Task prompt
"cases" is the word to look for; copy each line of the listing where it occurs.

%%

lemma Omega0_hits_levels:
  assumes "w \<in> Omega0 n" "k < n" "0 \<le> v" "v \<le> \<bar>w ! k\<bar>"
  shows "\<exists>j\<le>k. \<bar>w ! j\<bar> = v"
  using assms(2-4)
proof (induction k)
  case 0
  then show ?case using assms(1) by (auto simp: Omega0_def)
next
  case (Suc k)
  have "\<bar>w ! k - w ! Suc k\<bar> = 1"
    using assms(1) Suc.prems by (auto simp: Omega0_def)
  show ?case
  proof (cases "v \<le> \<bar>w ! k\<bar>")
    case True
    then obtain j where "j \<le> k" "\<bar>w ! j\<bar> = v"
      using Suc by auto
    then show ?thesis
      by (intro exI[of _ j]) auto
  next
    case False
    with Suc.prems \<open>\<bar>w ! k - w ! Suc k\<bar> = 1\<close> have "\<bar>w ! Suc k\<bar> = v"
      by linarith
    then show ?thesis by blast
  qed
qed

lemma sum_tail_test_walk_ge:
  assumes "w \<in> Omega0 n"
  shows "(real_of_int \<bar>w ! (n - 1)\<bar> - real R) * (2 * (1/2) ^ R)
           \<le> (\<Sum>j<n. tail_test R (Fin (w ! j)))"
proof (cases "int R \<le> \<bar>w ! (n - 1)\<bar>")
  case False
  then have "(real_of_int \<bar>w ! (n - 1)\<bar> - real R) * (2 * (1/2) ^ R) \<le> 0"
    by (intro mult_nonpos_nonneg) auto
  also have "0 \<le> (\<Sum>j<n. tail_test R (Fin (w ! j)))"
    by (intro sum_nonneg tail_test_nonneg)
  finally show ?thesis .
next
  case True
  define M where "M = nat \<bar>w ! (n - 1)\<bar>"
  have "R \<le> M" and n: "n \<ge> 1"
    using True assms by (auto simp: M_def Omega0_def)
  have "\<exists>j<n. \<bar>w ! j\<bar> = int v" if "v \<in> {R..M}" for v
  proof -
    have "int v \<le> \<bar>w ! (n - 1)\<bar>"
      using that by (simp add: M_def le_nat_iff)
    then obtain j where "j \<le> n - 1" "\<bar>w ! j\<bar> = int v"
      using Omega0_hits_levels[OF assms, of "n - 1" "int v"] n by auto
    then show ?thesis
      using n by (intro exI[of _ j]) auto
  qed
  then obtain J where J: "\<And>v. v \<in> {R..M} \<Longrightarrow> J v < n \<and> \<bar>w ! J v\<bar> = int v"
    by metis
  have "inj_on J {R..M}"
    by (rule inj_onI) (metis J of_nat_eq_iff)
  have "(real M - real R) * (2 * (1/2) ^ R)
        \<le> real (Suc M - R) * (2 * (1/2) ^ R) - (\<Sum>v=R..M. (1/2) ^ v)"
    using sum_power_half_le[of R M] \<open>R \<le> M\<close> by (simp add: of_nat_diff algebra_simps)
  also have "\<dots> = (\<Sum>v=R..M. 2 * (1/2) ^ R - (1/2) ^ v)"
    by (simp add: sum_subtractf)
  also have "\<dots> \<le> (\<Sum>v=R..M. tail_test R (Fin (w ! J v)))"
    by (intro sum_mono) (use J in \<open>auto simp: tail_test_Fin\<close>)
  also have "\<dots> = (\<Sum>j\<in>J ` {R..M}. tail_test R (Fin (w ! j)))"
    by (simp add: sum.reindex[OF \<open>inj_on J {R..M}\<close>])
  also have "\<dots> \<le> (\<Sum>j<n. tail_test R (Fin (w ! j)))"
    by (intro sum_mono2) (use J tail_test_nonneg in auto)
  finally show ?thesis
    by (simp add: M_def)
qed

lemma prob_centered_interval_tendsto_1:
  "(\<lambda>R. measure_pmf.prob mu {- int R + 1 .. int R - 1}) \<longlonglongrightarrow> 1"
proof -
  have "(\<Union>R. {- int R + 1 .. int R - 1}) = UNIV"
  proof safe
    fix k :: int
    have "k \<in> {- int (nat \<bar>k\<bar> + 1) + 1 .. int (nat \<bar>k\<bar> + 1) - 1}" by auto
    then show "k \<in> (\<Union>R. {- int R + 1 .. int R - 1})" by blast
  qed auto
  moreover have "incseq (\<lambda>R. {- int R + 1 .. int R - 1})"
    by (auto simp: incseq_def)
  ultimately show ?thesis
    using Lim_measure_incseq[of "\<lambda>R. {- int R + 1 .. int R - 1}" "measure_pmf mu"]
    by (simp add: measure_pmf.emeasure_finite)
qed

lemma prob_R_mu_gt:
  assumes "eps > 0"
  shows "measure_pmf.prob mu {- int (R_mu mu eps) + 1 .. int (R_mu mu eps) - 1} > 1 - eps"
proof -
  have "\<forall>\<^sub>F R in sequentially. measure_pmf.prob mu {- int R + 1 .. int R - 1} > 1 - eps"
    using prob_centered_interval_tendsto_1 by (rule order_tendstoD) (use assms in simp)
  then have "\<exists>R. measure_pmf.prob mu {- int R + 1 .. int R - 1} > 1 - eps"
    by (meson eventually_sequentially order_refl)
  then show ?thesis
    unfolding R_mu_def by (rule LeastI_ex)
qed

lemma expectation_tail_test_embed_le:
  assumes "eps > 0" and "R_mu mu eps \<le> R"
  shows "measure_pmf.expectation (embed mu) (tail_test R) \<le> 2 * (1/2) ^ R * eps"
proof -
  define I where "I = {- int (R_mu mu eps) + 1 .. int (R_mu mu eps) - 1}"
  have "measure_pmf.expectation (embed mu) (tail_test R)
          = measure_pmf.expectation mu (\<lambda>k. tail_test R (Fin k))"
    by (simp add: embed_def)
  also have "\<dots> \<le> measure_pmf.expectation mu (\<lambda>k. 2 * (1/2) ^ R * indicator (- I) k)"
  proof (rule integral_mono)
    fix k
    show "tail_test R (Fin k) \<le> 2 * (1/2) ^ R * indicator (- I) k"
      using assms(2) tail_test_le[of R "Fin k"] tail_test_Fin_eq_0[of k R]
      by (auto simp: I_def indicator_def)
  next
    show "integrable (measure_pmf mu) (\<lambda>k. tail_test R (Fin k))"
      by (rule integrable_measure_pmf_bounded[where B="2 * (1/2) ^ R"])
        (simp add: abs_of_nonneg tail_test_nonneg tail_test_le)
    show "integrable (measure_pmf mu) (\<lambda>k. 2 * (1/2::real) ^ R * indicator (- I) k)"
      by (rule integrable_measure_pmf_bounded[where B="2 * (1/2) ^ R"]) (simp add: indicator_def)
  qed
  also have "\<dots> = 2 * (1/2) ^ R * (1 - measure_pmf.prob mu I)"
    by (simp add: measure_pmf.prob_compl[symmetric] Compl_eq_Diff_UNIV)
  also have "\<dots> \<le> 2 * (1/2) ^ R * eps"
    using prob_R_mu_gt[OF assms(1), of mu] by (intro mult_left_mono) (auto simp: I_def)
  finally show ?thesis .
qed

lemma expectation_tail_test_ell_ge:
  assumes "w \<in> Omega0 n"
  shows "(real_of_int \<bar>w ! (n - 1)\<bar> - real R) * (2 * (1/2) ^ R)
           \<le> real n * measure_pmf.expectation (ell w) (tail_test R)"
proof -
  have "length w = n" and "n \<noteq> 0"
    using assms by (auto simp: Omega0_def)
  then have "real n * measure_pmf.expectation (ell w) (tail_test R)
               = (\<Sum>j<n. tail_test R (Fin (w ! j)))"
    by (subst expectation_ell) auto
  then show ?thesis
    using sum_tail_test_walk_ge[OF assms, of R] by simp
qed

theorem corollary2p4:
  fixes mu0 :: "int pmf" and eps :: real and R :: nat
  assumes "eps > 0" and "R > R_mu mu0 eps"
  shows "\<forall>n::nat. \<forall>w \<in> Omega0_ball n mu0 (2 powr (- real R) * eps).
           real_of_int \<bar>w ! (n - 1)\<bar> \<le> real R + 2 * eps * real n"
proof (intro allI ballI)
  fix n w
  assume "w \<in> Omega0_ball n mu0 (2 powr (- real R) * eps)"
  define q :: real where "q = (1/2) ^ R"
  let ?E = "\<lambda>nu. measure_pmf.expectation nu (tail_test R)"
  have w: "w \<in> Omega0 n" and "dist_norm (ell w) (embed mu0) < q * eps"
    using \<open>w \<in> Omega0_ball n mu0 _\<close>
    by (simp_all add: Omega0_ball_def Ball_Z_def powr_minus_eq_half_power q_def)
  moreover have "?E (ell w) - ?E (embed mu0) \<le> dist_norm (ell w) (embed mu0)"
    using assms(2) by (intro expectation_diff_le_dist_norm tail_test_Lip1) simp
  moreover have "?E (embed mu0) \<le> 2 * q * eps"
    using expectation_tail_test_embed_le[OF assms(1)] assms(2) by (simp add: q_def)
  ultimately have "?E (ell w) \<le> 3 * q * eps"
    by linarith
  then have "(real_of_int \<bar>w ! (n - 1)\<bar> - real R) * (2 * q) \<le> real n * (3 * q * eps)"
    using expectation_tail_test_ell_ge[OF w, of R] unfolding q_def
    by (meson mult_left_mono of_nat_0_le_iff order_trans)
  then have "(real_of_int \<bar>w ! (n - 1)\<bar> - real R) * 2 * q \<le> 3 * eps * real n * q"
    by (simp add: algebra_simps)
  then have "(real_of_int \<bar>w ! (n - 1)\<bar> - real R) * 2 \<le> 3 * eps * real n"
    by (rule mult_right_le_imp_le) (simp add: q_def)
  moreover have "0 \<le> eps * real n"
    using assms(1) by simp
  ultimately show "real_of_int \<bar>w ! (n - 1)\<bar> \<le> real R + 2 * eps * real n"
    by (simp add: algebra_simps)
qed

%%
%%

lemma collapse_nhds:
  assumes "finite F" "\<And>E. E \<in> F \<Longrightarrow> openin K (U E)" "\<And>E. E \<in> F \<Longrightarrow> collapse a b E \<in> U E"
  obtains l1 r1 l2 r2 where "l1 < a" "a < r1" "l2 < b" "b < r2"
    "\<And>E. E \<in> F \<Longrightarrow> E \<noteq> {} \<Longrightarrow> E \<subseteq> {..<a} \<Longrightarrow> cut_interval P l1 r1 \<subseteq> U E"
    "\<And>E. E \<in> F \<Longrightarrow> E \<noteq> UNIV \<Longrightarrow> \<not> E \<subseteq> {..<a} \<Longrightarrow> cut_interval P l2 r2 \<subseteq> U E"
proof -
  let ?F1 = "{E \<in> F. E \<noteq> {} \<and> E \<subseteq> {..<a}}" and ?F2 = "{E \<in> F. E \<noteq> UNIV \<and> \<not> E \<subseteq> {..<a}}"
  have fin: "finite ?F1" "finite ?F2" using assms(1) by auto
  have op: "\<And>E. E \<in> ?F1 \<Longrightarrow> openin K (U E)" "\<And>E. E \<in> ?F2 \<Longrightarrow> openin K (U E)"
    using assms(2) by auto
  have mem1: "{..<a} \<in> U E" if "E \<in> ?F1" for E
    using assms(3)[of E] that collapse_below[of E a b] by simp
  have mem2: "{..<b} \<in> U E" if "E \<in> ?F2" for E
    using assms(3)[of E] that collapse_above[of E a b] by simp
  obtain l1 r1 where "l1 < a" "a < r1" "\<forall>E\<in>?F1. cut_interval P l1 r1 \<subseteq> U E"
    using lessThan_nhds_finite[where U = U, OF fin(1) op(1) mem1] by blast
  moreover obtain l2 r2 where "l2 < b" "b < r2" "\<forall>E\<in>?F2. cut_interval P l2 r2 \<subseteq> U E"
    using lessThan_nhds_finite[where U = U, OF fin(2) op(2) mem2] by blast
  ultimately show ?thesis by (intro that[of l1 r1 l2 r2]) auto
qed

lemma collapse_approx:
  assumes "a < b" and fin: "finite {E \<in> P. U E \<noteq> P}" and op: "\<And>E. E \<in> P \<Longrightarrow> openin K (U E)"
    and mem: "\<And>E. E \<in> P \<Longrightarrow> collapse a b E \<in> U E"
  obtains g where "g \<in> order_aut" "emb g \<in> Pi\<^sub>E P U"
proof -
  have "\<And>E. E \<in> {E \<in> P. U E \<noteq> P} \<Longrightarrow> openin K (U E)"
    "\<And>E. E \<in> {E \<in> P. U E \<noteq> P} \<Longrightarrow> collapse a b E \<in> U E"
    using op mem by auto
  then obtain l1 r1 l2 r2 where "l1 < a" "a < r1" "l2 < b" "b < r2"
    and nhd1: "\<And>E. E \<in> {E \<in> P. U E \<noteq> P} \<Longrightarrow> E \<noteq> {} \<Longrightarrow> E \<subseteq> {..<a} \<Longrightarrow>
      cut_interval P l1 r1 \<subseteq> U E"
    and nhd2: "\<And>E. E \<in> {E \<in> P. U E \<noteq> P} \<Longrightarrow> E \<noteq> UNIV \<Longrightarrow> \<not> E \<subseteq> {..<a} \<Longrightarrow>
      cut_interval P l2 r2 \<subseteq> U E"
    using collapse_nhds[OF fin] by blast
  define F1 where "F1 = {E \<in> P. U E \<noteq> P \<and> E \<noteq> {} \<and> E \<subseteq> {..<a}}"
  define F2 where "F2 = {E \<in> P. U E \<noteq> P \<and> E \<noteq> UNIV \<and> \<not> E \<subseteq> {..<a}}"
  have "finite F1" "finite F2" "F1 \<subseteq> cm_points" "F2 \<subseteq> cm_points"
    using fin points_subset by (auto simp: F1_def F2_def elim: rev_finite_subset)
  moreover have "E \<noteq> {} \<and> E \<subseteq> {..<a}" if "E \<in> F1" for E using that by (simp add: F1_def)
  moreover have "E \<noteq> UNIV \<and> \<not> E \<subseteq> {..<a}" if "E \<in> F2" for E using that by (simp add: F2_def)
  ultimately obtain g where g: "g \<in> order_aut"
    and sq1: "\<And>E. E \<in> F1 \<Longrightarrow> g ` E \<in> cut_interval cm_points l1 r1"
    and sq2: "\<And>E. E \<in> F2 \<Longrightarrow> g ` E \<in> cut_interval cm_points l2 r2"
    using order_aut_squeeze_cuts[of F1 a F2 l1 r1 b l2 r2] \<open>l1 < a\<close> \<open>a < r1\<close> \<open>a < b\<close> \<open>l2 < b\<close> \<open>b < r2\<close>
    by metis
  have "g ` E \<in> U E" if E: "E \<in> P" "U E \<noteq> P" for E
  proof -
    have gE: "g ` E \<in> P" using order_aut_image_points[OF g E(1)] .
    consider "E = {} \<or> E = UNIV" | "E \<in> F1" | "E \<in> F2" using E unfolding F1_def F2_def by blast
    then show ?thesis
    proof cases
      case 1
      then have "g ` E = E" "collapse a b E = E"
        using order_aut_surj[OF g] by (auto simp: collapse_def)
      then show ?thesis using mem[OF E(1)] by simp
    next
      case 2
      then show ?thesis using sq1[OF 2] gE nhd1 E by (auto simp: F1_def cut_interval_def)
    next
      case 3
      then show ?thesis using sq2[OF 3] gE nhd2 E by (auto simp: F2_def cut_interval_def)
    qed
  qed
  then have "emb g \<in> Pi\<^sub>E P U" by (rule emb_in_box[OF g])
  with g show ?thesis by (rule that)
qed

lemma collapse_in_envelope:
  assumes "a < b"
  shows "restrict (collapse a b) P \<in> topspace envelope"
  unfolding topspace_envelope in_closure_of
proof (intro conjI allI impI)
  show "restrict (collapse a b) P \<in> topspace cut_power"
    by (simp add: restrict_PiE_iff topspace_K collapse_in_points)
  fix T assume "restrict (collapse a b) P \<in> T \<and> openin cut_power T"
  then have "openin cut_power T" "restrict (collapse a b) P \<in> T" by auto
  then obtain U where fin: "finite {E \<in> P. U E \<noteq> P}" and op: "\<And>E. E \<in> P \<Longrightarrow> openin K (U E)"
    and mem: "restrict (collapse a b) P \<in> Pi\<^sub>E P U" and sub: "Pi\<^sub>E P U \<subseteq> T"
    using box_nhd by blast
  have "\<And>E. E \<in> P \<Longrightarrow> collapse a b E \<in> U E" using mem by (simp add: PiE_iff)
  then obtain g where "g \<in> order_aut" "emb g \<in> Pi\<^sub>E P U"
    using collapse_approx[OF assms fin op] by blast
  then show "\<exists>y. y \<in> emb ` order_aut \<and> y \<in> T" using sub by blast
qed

%%

Answer for the task
  proof (cases "v \<le> \<bar>w ! k\<bar>")
proof (cases "int R \<le> \<bar>w ! (n - 1)\<bar>")
    proof cases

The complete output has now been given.